Show every line of the data that includes the word "walkS".

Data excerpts
#####

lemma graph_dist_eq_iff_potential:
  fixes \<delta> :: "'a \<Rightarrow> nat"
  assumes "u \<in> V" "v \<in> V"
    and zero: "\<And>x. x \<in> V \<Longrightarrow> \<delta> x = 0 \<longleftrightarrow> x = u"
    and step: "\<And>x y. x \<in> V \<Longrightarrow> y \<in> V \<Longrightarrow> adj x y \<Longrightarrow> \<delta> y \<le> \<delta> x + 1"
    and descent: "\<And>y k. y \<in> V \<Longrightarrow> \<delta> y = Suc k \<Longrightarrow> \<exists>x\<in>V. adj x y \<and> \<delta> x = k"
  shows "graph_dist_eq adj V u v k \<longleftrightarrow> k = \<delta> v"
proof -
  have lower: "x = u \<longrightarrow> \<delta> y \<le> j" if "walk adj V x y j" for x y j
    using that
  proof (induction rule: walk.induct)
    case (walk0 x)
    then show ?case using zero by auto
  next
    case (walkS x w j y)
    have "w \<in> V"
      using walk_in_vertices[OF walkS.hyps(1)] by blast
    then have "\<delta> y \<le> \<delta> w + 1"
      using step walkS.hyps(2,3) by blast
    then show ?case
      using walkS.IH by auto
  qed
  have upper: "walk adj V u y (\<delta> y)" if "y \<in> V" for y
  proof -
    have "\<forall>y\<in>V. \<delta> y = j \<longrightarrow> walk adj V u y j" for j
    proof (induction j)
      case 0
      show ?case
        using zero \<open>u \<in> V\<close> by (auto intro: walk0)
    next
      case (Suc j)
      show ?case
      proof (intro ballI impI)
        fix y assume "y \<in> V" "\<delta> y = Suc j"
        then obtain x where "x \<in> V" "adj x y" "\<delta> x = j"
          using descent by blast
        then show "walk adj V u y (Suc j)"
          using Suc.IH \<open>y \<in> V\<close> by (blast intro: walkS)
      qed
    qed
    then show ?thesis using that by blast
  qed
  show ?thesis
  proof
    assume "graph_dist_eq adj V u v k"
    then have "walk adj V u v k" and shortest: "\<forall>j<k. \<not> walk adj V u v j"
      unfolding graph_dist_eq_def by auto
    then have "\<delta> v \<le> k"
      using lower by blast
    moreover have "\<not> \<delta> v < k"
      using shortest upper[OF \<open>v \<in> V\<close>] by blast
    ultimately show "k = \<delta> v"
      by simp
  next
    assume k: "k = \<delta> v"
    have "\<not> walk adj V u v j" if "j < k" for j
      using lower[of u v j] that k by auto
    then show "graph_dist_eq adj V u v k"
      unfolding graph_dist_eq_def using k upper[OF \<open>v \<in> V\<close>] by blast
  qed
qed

#####

## RESULT OF THE TASK
    case (walkS x w j y)
      using walk_in_vertices[OF walkS.hyps(1)] by blast
      using step walkS.hyps(2,3) by blast
      using walkS.IH by auto
          using Suc.IH \<open>y \<in> V\<close> by (blast intro: walkS)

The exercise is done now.